Skip to content

utils

Utility functions for pod5 tools

assert_inputs_exist

assert_inputs_exist(inputs: Iterable[Path])

Assert all inputs exist. Raises FileExistsError otherwise

assert_no_duplicate_filenames

assert_no_duplicate_filenames(inputs: Collection[Path]) -> None

Raises ValueError if there are duplicate filenames in the collection of Paths

collect_inputs

collect_inputs(
    paths: Iterable[Path],
    recursive: bool,
    pattern: Union[str, Collection[str]],
    threads: int = DEFAULT_THREADS,
) -> Set[Path]

Returns a set of path which match any of the given glob-style patterns

If a path is a directory this will be globbed (optionally recursively). If a path is a file then it must also match any of the given patterns.

Raises FileExistsError if any inputs do not exist

init_logging

init_logging()

Initialise logging only if POD5_DEBUG is true

is_disable_pbar

is_disable_pbar() -> bool

Check if POD5_PBAR is set returning true if PBAR should be disabled

is_pod5_debug

is_pod5_debug() -> bool

Check if POD5_DEBUG is set

limit_threads

limit_threads(requested: int) -> int

Santise and limit the number of requested threads to the number of logical cores

logged

logged(log_return: bool = False, log_args: bool = False, log_time: bool = False)

Logging parameterised decorator

search_path

search_path(path: Path, recursive: bool, patterns: Collection[str]) -> Set[Path]

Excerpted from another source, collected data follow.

theorem mainTheorem7:
  fixes Om :: "(real^'n) set"
    and S :: "real^'n \<Rightarrow> nat \<Rightarrow> real"
    and gradS :: "real^'n \<Rightarrow> nat \<Rightarrow> real^'n"
    and hessS :: "real^'n \<Rightarrow> nat \<Rightarrow> real^'n^'n"
    and s :: "real^'n \<Rightarrow> real"
    and Ds :: "real^'n \<Rightarrow> real^'n"
    and D2s :: "real^'n \<Rightarrow> real^'n^'n"
    and D3s :: "real^'n \<Rightarrow> real^'n \<Rightarrow> real^'n^'n"
    and sigma :: "real^'n \<Rightarrow> real^'n"
    and Jsigma :: "real^'n \<Rightarrow> real^'n^'n"
    and D2sigma :: "real^'n \<Rightarrow> real^'n \<Rightarrow> real^'n^'n"
    and eps h :: "nat \<Rightarrow> real"
    and xs :: "nat \<Rightarrow> real^'n"
    and xstar xi :: "real^'n"
    and N0 :: nat
  assumes conv: "convex Om"
    and uniq: "\<forall>N>N0. unique_max_at Om (\<lambda>x. S x N) (xs N)"
    and xs_lim: "xs \<longlonglongrightarrow> xstar"
    and eps_lim: "eps \<longlonglongrightarrow> 0"
    and h_lim: "filterlim h at_top sequentially"
    and h_N: "(\<forall>N. h N = real N) \<or> ((\<lambda>N. h N / real N) \<longlonglongrightarrow> 0)"
    and s_C2: "\<forall>x\<in>Om. (s has_derivative (\<lambda>v. Ds x \<bullet> v)) (at x within Om)
                   \<and> (Ds has_derivative (\<lambda>v. D2s x *v v)) (at x within Om)
                   \<and> (D2s has_derivative D3s x) (at x within Om)"
    and s_cont: "continuous_on Om D2s"
    and sigma_C2: "\<forall>x\<in>Om. (sigma has_derivative (\<lambda>v. Jsigma x *v v)) (at x within Om)
                   \<and> (Jsigma has_derivative D2sigma x) (at x within Om)
                   \<and> (\<forall>v. (\<lambda>y. D2sigma y v) differentiable (at x within Om))"
    and sigma_cont: "continuous_on Om Jsigma"
    and bdd: "\<exists>B. \<forall>x\<in>Om. norm (sigma x) \<le> B \<and> norm (Jsigma x) \<le> B \<and> onorm (D2sigma x) \<le> B
                        \<and> norm (D2s x) \<le> B \<and> onorm (D3s x) \<le> B"
    and D2s_inv: "\<forall>x\<in>Om. invertible (D2s x)"
    and S_deriv: "eventually (\<lambda>N. \<forall>x\<in>Om.
                     ((\<lambda>y. S y N) has_derivative (\<lambda>v. gradS x N \<bullet> v)) (at x within Om)
                   \<and> ((\<lambda>y. gradS y N) has_derivative (\<lambda>v. hessS x N *v v)) (at x within Om)
                   \<and> gradS x N = h N *\<^sub>R (Ds x + eps N *\<^sub>R sigma x)
                   \<and> (\<forall>v. v \<noteq> 0 \<longrightarrow> v \<bullet> (hessS x N *v v) < 0)) sequentially"
    and typeA: "\<exists>\<delta>>0. eventually (\<lambda>N. ball (xs N) \<delta> \<subseteq> Om) sequentially"
    and eps_small: "eps \<in> o(\<lambda>N. 1 / sqrt (h N))"
  shows "\<exists>xt :: nat \<Rightarrow> real^'n.
     eventually (\<lambda>N. unique_max_at Om (\<lambda>x. tildeS S h xstar xi x N) (xt N)) sequentially
   \<and> (\<lambda>N. norm (xt N - xs N - (1 / sqrt (h N)) *\<^sub>R (matrix_inv (D2s xstar) *v xi)))
        \<in> O(\<lambda>N. 1 / h N)
   \<and> (eps \<in> o(\<lambda>N. 1 / h N) \<longrightarrow>
        (\<lambda>N. tildeS S h xstar xi (xt N) N
              - (S (xs N) N - 1/2 * (xi \<bullet> (matrix_inv (D2s xstar) *v xi))))
        \<in> O(\<lambda>N. 1 / sqrt (h N)))
   \<and> ((\<lambda>N. 1 / h N) \<in> o(eps) \<longrightarrow>
        (\<lambda>N. tildeS S h xstar xi (xt N) N
              - (S (xs N) N - 1/2 * (xi \<bullet> (matrix_inv (D2s xstar) *v xi))))
        \<in> O(\<lambda>N. sqrt (h N) * eps N))
   \<and> (\<lambda>N. sqrt (det (hessS (xs N) N)) / sqrt (det (hessS (xt N) N)) - 1)
        \<in> O(\<lambda>N. 1 / sqrt (h N))"
proof -
  obtain B where B: "\<forall>x\<in>Om. norm (sigma x) \<le> B \<and> norm (Jsigma x) \<le> B \<and> onorm (D2sigma x) \<le> B
                        \<and> norm (D2s x) \<le> B \<and> onorm (D3s x) \<le> B"
    using bdd by blast
  obtain \<delta> where "0 < \<delta>" "eventually (\<lambda>N. ball (xs N) \<delta> \<subseteq> Om) sequentially"
    using typeA by blast
  moreover have "eventually (\<lambda>N. unique_max_at Om (\<lambda>x. S x N) (xs N)) sequentially"
    using eventually_gt_at_top[of N0] by eventually_elim (use uniq in blast)
  ultimately interpret type_a_maximum Om S gradS hessS Ds D2s D3s sigma Jsigma eps h xs xstar xi B \<delta>
    using conv xs_lim eps_lim h_lim s_C2 sigma_C2 B D2s_inv S_deriv eps_small
    by unfold_locales auto
  show ?thesis
    using eventually_xt_characterization xt_expansion value_bigo_if_eps_small value_bigo_if_eps_large
      hessian_det_ratio_bigo
    by (intro exI[of _ xt] conjI impI) (auto elim: eventually_mono)
qed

Search path matching pattern searching directories recursively if requested

search_paths

search_paths(
    paths: Iterable[Path],
    recursive: bool,
    pattern: Union[str, Collection[str]],
    threads: int = DEFAULT_THREADS,
) -> Set[Path]

Search all paths matching any of patterns searching directories recursively if requested

terminate_processes

terminate_processes(processes: List[SpawnProcess]) -> None

terminate all child processes

pl_format_empty_string

pl_format_empty_string(expr: Expr, subst: Optional[str]) -> Expr

Empty strings are read as a pair of double-quotes which need to be removed

pl_format_read_id

pl_format_read_id(read_id_col: Expr) -> Expr

Format read ids to in UUID style

pl_from_arrow

pl_from_arrow(table: Table, rechunk: bool) -> DataFrame

Workaround failure to read our arrow extension type

pl_from_arrow_batch

pl_from_arrow_batch(record_batch: RecordBatch, rechunk: bool) -> DataFrame

Workaround failure to read our arrow extension type